Lindsey Holden, Sacramento Bee
California’s efforts to become an abortion care sanctuary is personal for some leaders — one of whom shared her story as part of a statewide push to strengthen access to reproductive healthcare.
Assemblywoman Mia Bonta, D-Oakland, revealed at a news conference Tuesday that she had an abortion at age 21, as she was finishing her degree at Yale University and starting her first job.
The Assembly Democratic Caucus held the briefing to highlight how restricting access to abortion disproportionately impacts people of color, who struggle to find reproductive care and suffer pregnancy-related deaths at higher rates than their white counterparts.
Bonta shared her experience about a week after Politico published a draft U.S. Supreme Court opinion that showed justices are prepared to overturn Roe v. Wade, the 1973 ruling that guaranteed federal abortion rights.
The court will not issue its official ruling for months. But California leaders have responded by taking steps to make sure Golden State residents, and those in other states that may ban abortion, will have continuing access to reproductive healthcare.
On May 2, Senate and Assembly leaders announced they plan to seek a November ballot measure that would add an abortion rights amendment to the state constitution.
BONTA’S ABORTION STORY
Helping people of color access abortions is especially important to Bonta, 50, a Black Latina who grew up in the Bronx. She and her mother faced housing insecurity that forced them to move 13 times in 16 years, according to a San Francisco Chronicle story.

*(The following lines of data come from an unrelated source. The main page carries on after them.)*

(* Let $n$ be a positive integer and let $\alpha,\beta,\gamma,\delta$ be distinct complex numbers satisfying $(\alpha+\beta)(\gamma+\delta)=2(\alpha\beta+\gamma\delta)$. Then $$\lim_{k\to\alpha}\frac{d^n}{dk^n}\,\frac{(k-\gamma)^n(k-\delta)^n}{(k-\beta)^{n+1}}=\begin{cases}0 & n\text{ odd},\\[4pt] (-1)^{n/2}\dfrac{(\gamma-\delta)^n}{(\alpha-\beta)^{n+1}}\,\prod_{i=1}^{n/2}(2i-1)^2 & n\text{ even}.\end{cases}$$ *)

theory Defs
  imports "HOL-Analysis.Analysis"
begin

end

theory Submission
  imports Defs "HOL-Complex_Analysis.Complex_Analysis"
begin

text \<open>
  After the shift v = z - \<beta> the limit is simply the value at a = \<alpha> - \<beta> of the n-th
  derivative of (v - c)^n (v - d)^n / v^(n+1), where c = \<gamma> - \<beta> and d = \<delta> - \<beta>. This
  function is v^(n-1) F(1/v) for the polynomial F(u) = (1 - c u)^n (1 - d u)^n, and the classical
  inversion formula D^(n+1) [v^n F(1/v)] = (-1)^(n+1) F^(n+1)(1/v) / v^(n+2) reduces the problem to
  F^(n)(1/a). The hypothesis says that a is the harmonic mean of c and d, i.e. that 1/a is the
  midpoint of the roots 1/c and 1/d of F. So F is a polynomial in (u - 1/a)^2: its odd derivatives
  vanish at 1/a, and for n = 2j the n-th derivative there is n! times the middle binomial term,
  which is where the central binomial coefficient, hence the product of odd squares, comes from.
\<close>

lemma fact_double_eq_odd_prod:
  "fact (2 * k) = (2 ^ k * fact k * (\<Prod>i=1..k. 2 * of_nat i - 1) :: 'a::{comm_ring_1,ring_char_0})"
proof (induction k)
  case (Suc k)
  have "fact (2 * Suc k) = (2 * of_nat (Suc k)) * (2 * of_nat (Suc k) - 1) * (fact (2 * k) :: 'a)"
    by (simp add: algebra_simps)
  also have "\<dots> = 2 ^ Suc k * fact (Suc k) * ((\<Prod>i=1..k. 2 * of_nat i - 1) * (2 * of_nat (Suc k) - 1))"
    by (simp only: Suc fact_Suc of_nat_mult) (simp add: algebra_simps)
  finally show ?case
    by (simp only: prod.nat_ivl_Suc' le_add1 Suc_eq_plus1 [symmetric] Suc_le_mono) simp
qed simp

lemma central_binomial_mult_fact:
  "of_nat (2 * k choose k) * fact (2 * k) = (4 ^ k * (\<Prod>i=1..k. 2 * of_nat i - 1) ^ 2 :: 'a::{idom,ring_char_0})"
proof -
  have "fact k * fact k * of_nat (2 * k choose k) = (fact (2 * k) :: 'a)"
    using binomial_fact_lemma[of k "2 * k"] by (metis diff_mult_distrib mult_2 add_diff_cancel_left' le_add1 of_nat_fact of_nat_mult)
  then have "fact k * fact k * (of_nat (2 * k choose k) * fact (2 * k)) = (fact (2 * k) * fact (2 * k) :: 'a)"
    by (simp add: mult.assoc)
  also have "\<dots> = fact k * fact k * (4 ^ k * (\<Prod>i=1..k. 2 * of_nat i - 1) ^ 2)"
    unfolding fact_double_eq_odd_prod by (simp add: power2_eq_square algebra_simps flip: power_mult_distrib)
  finally show ?thesis by simp
qed

lemma higher_deriv_power_at_center:
  "(deriv ^^ j) (\<lambda>w. (w - z) ^ p) z = (if p = j then fact j else 0)"
  by (cases "j \<le> p") (auto simp: higher_deriv_power pochhammer_fact pochhammer_0_left)

lemma higher_deriv_sum_powers_at_center:
  fixes K :: "'i \<Rightarrow> complex" and p :: "'i \<Rightarrow> nat"
  assumes "finite A"
  shows "(deriv ^^ j) (\<lambda>w. \<Sum>k\<in>A. K k * (w - z) ^ p k) z = (\<Sum>k\<in>{k\<in>A. p k = j}. K k) * fact j"
  using assms
proof (induction A rule: finite_induct)
  case (insert x A)
  have "(deriv ^^ j) (\<lambda>w. \<Sum>k\<in>insert x A. K k * (w - z) ^ p k) z
      = (deriv ^^ j) (\<lambda>w. K x * (w - z) ^ p x + (\<Sum>k\<in>A. K k * (w - z) ^ p k)) z"
    using insert by simp
  also have "\<dots> = K x * (deriv ^^ j) (\<lambda>w. (w - z) ^ p x) z + (deriv ^^ j) (\<lambda>w. \<Sum>k\<in>A. K k * (w - z) ^ p k) z"
    by (subst higher_deriv_add[of _ UNIV], (auto intro!: holomorphic_intros)[4],
        subst higher_deriv_cmult[of _ UNIV]) (auto intro!: holomorphic_intros)
  moreover have "{k \<in> insert x A. p k = j} = (if p x = j then insert x {k \<in> A. p k = j} else {k \<in> A. p k = j})"
    by auto
  ultimately show ?case
    using insert by (simp add: higher_deriv_power_at_center distrib_right)
qed simp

Her dream of using her Ivy League education to help her family achieve financial stability was on her mind when she decided to have an abortion, she said.

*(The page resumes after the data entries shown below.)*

lemma tdelta_in_relations_if_leading:
  assumes Y: "Y \<in> relations N L n" "finite (tsupp Y)" "Y k \<noteq> 0"
    and others: "\<And>k'. Y k' \<noteq> 0 \<Longrightarrow> k' \<noteq> k \<Longrightarrow> tdelta k' \<in> relations N L n"
  shows "tdelta k \<in> relations N L n"
proof -
  define R where "R = (\<lambda>k''. \<Sum>k'\<in>tsupp Y - {k}. Y k' * tdelta k' k'')"
  have "R \<in> relations N L n"
    unfolding R_def
    using Y(2) others relations_smul[unfolded smul_def] by (intro relations_sum) (auto simp: tsupp_def)
  moreover have "R k'' = (if k'' \<in> tsupp Y - {k} then Y k'' else 0)" for k''
    unfolding R_def tdelta_def using Y(2) by (simp add: sum.delta' mult.commute[of _ "if _ then _ else _"] if_distrib cong: if_cong)
  then have "tdelta k = smul (inverse (Y k)) (tsub Y R)"
    using Y(3) by (auto simp: tdelta_def smul_def tsub_def tsupp_def fun_eq_iff)
  ultimately show ?thesis
    using relations_smul relations_tsub Y(1) by metis
qed

abbreviation vanishes :: "nat \<Rightarrow> nat \<Rightarrow> int list \<Rightarrow> bool" where
  "vanishes N L ks \<equiv> tdelta (map (u_idx N L) ks) \<in> relations N L (length ks)"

“I found out that I was pregnant,” Bonta said. “I had to weigh all of the decisions that came with that reality. And I chose to get an abortion. I chose to own my body. I chose to make a decision that would allow me to recognize the ending (of) the cycle of poverty in my family.”
Bonta later invited her husband, California Attorney General Rob Bonta, to take the microphone, saying he was the only man who would speak because “he held my hand when I made that decision.”
The Bontas began dating after they met at an orientation ahead of their freshman year at Yale, according to the Chronicle story. They later married and now have three children.
Mia Bonta won a 2021 special election to take over husband’s assembly seat after Newsom tapped him to succeed Xavier Becerra as attorney general. She’s currently in the midst of a campaign to win her first full term in office.
Her husband is also seeking his first elected term as attorney general.
On Tuesday, Rob Bonta said little about his wife’s abortion experience. But he did emphasize that he would “use the full force of the law and the full authority of my office to protect a woman’s right to choose.”
Mia Bonta said it was “unfathomable” to think that pregnant people in states like Mississippi, Georgia and Texas — places that could ban abortions if the Supreme Court does away with Roe v. Wade — would not have the same “power and ability to make choices about who and when, and how to start their own family” that she did at age 21.
“My own daughters will have fewer protections and rights than I did,” Bonta said. “That’s not progress. That’s just terrifying.”